[Material shown — start]

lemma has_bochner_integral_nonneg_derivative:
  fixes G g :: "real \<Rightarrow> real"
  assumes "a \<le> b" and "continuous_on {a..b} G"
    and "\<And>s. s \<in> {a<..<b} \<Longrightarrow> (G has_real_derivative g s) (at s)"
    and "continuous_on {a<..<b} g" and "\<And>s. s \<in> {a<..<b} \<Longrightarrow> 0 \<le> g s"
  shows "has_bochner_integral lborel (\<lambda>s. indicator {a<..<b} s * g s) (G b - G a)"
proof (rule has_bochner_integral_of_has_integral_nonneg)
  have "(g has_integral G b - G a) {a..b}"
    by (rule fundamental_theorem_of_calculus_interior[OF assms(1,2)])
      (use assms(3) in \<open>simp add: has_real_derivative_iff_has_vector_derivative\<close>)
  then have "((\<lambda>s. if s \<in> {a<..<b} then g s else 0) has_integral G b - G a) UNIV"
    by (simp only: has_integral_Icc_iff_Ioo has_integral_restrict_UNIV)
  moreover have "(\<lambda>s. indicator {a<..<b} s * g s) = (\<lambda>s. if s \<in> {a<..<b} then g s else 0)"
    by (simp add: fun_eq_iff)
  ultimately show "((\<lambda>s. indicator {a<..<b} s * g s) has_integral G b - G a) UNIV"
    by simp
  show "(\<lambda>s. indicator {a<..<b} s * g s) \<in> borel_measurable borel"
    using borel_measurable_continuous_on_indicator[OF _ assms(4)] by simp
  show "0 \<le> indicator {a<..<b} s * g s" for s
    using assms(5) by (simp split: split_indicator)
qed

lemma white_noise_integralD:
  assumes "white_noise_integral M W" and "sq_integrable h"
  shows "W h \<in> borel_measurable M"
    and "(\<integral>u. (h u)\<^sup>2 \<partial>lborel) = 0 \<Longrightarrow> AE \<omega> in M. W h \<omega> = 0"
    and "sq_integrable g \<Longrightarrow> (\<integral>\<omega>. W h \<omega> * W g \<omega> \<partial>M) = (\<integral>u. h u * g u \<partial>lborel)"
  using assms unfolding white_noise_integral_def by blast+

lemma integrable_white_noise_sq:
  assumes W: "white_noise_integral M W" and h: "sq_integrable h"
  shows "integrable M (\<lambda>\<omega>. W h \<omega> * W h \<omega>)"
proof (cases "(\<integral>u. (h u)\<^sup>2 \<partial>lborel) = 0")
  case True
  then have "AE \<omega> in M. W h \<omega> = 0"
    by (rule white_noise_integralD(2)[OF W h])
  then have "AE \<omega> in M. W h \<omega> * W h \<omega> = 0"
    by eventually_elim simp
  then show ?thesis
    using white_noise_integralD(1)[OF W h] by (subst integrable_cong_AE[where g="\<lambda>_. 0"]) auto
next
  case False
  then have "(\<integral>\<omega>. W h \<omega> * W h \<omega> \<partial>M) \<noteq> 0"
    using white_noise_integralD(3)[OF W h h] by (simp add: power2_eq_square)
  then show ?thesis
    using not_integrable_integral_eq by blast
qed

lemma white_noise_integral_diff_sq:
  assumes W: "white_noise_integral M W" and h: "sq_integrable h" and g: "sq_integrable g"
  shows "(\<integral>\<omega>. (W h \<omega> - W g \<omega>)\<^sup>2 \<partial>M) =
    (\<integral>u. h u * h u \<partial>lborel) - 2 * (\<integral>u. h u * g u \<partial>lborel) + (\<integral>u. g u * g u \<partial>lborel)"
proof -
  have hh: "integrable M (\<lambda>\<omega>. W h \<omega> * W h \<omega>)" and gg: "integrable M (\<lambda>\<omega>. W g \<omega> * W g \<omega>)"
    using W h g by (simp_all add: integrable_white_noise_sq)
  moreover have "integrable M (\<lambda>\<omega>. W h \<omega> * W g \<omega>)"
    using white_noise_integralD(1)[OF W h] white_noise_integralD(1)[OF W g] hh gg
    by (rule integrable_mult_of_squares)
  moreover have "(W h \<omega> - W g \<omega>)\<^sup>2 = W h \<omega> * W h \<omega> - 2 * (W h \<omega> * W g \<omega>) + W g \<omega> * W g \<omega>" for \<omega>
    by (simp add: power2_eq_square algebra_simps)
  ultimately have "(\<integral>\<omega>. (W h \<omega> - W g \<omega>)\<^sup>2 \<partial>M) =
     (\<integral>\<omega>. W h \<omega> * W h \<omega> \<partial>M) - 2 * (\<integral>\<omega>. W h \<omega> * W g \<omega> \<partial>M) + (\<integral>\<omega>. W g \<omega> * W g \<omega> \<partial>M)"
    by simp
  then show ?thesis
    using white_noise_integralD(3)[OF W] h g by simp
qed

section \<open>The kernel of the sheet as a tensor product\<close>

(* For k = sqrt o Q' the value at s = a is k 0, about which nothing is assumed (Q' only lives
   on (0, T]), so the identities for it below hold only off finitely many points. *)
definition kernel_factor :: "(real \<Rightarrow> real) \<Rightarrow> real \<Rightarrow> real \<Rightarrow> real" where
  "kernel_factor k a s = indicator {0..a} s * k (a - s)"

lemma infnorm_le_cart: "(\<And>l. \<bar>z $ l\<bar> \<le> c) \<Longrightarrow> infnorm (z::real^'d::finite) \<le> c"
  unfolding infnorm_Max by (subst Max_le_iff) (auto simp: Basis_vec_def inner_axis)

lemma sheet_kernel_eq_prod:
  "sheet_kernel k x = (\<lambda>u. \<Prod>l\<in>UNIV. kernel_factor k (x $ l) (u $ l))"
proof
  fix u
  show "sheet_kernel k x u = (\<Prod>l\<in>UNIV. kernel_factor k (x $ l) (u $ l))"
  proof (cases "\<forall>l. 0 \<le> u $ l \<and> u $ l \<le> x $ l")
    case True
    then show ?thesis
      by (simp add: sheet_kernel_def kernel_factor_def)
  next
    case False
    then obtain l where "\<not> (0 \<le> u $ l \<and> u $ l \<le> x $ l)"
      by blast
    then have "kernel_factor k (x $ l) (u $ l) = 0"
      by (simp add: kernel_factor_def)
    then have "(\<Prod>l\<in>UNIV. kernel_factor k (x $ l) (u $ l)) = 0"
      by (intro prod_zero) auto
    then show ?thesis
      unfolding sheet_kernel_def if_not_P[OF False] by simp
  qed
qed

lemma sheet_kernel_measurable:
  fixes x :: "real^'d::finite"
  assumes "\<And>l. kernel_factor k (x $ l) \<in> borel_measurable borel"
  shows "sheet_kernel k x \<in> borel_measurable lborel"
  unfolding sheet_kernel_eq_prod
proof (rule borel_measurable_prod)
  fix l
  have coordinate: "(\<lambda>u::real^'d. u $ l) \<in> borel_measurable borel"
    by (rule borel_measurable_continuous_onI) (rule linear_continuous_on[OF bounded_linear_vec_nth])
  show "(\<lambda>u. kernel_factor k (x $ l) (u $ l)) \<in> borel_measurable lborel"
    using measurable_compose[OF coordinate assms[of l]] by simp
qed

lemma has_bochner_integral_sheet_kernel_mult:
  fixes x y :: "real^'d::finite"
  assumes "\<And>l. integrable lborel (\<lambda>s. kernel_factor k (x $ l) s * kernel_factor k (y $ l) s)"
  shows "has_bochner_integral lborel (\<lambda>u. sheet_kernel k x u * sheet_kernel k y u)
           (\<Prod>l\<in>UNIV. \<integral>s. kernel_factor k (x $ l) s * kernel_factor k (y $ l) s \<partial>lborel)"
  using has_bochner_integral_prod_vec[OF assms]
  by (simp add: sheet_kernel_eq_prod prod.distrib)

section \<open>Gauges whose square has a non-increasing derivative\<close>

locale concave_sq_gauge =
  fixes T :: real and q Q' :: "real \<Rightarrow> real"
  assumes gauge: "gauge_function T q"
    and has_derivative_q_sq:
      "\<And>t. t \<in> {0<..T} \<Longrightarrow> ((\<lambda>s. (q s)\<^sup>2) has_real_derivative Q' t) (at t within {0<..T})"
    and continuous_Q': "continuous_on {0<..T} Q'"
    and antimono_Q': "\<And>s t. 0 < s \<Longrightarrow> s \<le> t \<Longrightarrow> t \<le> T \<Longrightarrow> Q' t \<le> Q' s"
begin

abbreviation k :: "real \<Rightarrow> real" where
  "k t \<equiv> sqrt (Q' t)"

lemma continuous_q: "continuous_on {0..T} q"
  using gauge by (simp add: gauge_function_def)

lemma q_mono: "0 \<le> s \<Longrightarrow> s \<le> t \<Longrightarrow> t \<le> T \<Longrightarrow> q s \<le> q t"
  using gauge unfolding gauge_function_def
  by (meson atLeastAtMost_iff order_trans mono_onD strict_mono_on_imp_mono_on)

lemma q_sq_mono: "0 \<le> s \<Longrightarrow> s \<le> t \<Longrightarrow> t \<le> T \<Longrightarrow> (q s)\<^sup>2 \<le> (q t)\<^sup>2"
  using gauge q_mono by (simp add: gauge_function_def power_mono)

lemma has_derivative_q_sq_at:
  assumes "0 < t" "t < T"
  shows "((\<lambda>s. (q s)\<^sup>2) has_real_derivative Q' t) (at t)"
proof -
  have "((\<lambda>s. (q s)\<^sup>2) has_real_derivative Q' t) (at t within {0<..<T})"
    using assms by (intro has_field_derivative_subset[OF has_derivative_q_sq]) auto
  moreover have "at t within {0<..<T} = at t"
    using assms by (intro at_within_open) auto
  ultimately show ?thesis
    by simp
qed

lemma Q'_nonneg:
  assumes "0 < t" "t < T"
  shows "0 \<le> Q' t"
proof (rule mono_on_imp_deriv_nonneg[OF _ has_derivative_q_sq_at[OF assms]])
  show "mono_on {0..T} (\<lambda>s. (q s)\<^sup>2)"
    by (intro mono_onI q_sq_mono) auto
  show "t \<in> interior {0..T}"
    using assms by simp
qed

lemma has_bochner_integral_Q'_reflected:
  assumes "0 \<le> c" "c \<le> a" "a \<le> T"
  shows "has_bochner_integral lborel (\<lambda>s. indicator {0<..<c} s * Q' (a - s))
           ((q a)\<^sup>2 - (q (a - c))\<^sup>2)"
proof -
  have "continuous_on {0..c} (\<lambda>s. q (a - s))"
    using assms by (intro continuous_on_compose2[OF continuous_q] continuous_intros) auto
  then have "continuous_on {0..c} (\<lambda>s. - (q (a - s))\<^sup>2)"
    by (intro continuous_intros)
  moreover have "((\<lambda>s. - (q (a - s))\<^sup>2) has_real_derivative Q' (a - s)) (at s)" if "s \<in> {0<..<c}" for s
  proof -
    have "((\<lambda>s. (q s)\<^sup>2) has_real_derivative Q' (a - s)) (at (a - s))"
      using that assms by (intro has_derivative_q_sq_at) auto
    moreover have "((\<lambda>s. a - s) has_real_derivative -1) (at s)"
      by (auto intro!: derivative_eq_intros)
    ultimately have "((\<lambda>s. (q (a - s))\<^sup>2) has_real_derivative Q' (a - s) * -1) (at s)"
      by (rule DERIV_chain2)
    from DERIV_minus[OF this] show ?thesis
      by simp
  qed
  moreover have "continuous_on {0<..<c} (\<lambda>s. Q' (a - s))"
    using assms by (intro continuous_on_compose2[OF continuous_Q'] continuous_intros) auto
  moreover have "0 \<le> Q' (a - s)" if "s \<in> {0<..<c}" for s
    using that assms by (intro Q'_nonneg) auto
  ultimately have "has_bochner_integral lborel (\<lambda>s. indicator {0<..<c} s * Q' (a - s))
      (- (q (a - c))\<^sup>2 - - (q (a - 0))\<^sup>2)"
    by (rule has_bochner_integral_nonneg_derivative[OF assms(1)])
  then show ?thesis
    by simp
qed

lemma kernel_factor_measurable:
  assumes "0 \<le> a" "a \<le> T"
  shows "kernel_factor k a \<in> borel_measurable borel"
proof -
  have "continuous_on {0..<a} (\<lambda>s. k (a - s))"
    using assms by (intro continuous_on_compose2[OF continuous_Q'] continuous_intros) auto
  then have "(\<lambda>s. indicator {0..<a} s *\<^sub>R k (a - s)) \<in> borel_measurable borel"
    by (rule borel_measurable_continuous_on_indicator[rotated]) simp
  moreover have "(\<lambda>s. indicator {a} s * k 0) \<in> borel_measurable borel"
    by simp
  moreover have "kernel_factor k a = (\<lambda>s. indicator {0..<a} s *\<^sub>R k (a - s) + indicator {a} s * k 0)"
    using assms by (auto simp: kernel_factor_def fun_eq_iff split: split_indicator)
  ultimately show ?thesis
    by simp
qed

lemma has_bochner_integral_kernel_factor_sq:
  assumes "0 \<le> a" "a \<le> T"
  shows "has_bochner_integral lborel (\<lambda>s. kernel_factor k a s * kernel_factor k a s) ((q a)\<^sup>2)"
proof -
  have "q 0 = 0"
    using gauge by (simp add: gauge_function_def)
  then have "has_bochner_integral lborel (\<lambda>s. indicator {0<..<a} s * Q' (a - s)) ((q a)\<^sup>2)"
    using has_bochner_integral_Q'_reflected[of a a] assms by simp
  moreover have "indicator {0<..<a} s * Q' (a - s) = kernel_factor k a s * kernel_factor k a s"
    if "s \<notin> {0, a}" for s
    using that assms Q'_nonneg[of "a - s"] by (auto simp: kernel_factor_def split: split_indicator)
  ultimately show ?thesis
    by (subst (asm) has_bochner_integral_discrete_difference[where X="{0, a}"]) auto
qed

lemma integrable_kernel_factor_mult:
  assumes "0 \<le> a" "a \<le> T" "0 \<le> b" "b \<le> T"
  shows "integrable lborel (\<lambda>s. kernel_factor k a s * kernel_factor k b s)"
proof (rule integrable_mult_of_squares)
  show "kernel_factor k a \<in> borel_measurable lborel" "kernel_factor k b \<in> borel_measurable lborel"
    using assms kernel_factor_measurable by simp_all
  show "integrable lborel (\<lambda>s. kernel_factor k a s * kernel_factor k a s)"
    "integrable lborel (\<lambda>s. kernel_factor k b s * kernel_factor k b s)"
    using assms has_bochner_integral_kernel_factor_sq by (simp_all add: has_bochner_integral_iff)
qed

[Material shown — finish]

__Instructions to follow__: The lines above, from the start of the records through the one containing "s) = (\<lambda>s.", are to be printed exactly, and nothing else is to be included.

__Solution for this exercise__:
lemma has_bochner_integral_nonneg_derivative:
  fixes G g :: "real \<Rightarrow> real"
  assumes "a \<le> b" and "continuous_on {a..b} G"
    and "\<And>s. s \<in> {a<..<b} \<Longrightarrow> (G has_real_derivative g s) (at s)"
    and "continuous_on {a<..<b} g" and "\<And>s. s \<in> {a<..<b} \<Longrightarrow> 0 \<le> g s"
  shows "has_bochner_integral lborel (\<lambda>s. indicator {a<..<b} s * g s) (G b - G a)"
proof (rule has_bochner_integral_of_has_integral_nonneg)
  have "(g has_integral G b - G a) {a..b}"
    by (rule fundamental_theorem_of_calculus_interior[OF assms(1,2)])
      (use assms(3) in \<open>simp add: has_real_derivative_iff_has_vector_derivative\<close>)
  then have "((\<lambda>s. if s \<in> {a<..<b} then g s else 0) has_integral G b - G a) UNIV"
    by (simp only: has_integral_Icc_iff_Ioo has_integral_restrict_UNIV)
  moreover have "(\<lambda>s. indicator {a<..<b} s * g s) = (\<lambda>s. if s \<in> {a<..<b} then g s else 0)"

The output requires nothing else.